Ramona Quimby hoped her parents would forget to give her a little talking-to. She did not want anything to spoil this exciting day.
This opening paragraph to the novel sets the stage for practically everything that is to follow. Ramona is beginning a new grade in school and much of what happens will be related to having a new teacher while a lot of the book is set in school. Ramona will also be coming into conflict with her parents as she begins to establish more independence with the maturity that always comes with starting a new grade in school. Her excitement at taking that next step is also going to be challenged from several fronts.
The Quimbys’ house seemed to have grown smaller during the day until it was no longer big enough to hold her family and all its problems.

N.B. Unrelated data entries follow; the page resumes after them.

text \<open>For \<open>t = n/144500\<close> the left-hand side is \<open>np\<^sup>2/4 + 1\<close>, which bounds the number of
  spheres; \<open>130321 = 19\<^sup>4\<close>.\<close>

lemma powr_ge_polynomial:
  fixes p t :: real
  assumes p: "p \<ge> 19" and t: "t \<ge> 1000000/144500"
  shows "36125 * t * p\<^sup>2 + 1 \<le> p powr t"
proof -
  have "130321 * (t - 5) = 19 powr (4::real) * (1 + (t - 6))"
    by (simp add: powr_realpow[of 19 4, simplified])
  also have "\<dots> \<le> 19 powr (4::real) * 19 powr (t - 6)"
    using t by (intro mult_left_mono one_plus_le_19_powr) auto
  also have "\<dots> = 19 powr (4 + (t - 6))" by (rule powr_add[symmetric])
  also have "\<dots> = 19 powr (t - 2)" by (rule arg_cong[where f = "(powr) 19"]) simp
  also have "\<dots> \<le> p powr (t - 2)" using p t by (intro powr_mono2) auto
  finally have "p\<^sup>2 * (130321 * (t - 5)) \<le> p\<^sup>2 * p powr (t - 2)"
    by (intro mult_left_mono) auto
  also have "p\<^sup>2 * p powr (t - 2) = p powr t"
    using p by (simp add: powr_add[of p 2 "t - 2", simplified] powr_realpow)
  finally have "p\<^sup>2 * (130321 * (t - 5)) \<le> p powr t" .
  moreover have "1 * 1 \<le> p\<^sup>2 * (94196 * t - 651605)"
    using p t by (intro mult_mono) (auto simp: one_le_power)
  ultimately show ?thesis by (simp add: algebra_simps)
qed

lemma linear_le_two_pow: "q \<ge> 49 \<Longrightarrow> 20000 * q + 20002 \<le> (2::nat) ^ q"
  by (induction q rule: dec_induct) simp_all

lemma linear_le_pow_20001_20000:
  assumes "k \<ge> (999998::nat)"
  shows "real k + 2 \<le> (20001/20000) ^ k"
proof -
  define q where "q = k div 20000"
  have q49: "q \<ge> 49" and kq: "k \<le> 20000 * q + 19999" "20000 * q \<le> k"
    using assms by (simp_all add: q_def)
  have "real k + 2 \<le> real (20000 * q + 20002)" using kq by simp
  also have "\<dots> \<le> 2 ^ q" using linear_le_two_pow[OF q49]
    by (metis of_nat_le_iff of_nat_numeral of_nat_power)
  also have "\<dots> \<le> ((20001/20000) ^ 20000) ^ q"
  proof (rule power_mono)
    show "(2::real) \<le> (20001/20000) ^ 20000"
      using Bernoulli_inequality[of "1/20000::real" 20000] by simp
  qed simp
  also have "\<dots> \<le> (20001/20000) ^ k"
    unfolding power_mult[symmetric] using kq by (intro power_increasing) auto
  finally show ?thesis .
qed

This is a very effective piece of imagery because it conveys size as a metaphorical implication of the growth of the family. The house is clearly not actually getting smaller, but the problems that are arising from the aging of the Quimby children is serving to create problems that had not existed. The suggestion is that problems which lead to tension between family members take up actual space and thus reduce the amount of available space in a house. This is a symbolic representation of reality; just note the next time there is tension in your home how it suddenly seems harder to escape the presence of those with whom you having problems.
Ramona missed Howie, who had been assigned to another room, but wouldn’t you know? That yard ape, Danny, was sitting at a desk, still wearing his baseball cap and tossing Ramona’s new eraser from one hand to another.
Upon Ramona’s first entrance into her new classroom, a brief overview of some of the more obvious changes from previous years plays out before her. The situation is described as both exciting and confusing as some of the other students are recognized as old friends while others are described as total strangers. And then the real meat of the matter: a close friend won’t be with her this year, but a boy who has already irked her—and the first day of class hasn’t even started yet—will be. This observation becomes a kind of metaphorical foreshadowing for the emotional rollercoaster that moving up to the next grade in school will prove to be.
"Nobody is nice all the time. Or if they are, they are boring.”
One of the overriding themes of the book is pretty well encapsulated here. Ramona’s experience in the third grade opens her to a more sophisticated understanding of human nature. She is presented with events that reveal emotional responses are not static, but change according to circumstance. Both at school and at home, this awareness is gradual as she still clings to a view that people are always what they seem to be. The reality that nice people can at times behave not-so-nicely turns out to be one of the most important lessons she learns all year.
“A happy ending for today.”
Ramona’s final word of the book—in which she corrects an assertion made by her sister—reveals that the little girl who started out on the first day of third grade at the beginning has undergone a great deal of growth. Her awareness of the complexities of human nature is firmly established through this demonstration of a wisdom that defied even older sister Beezus.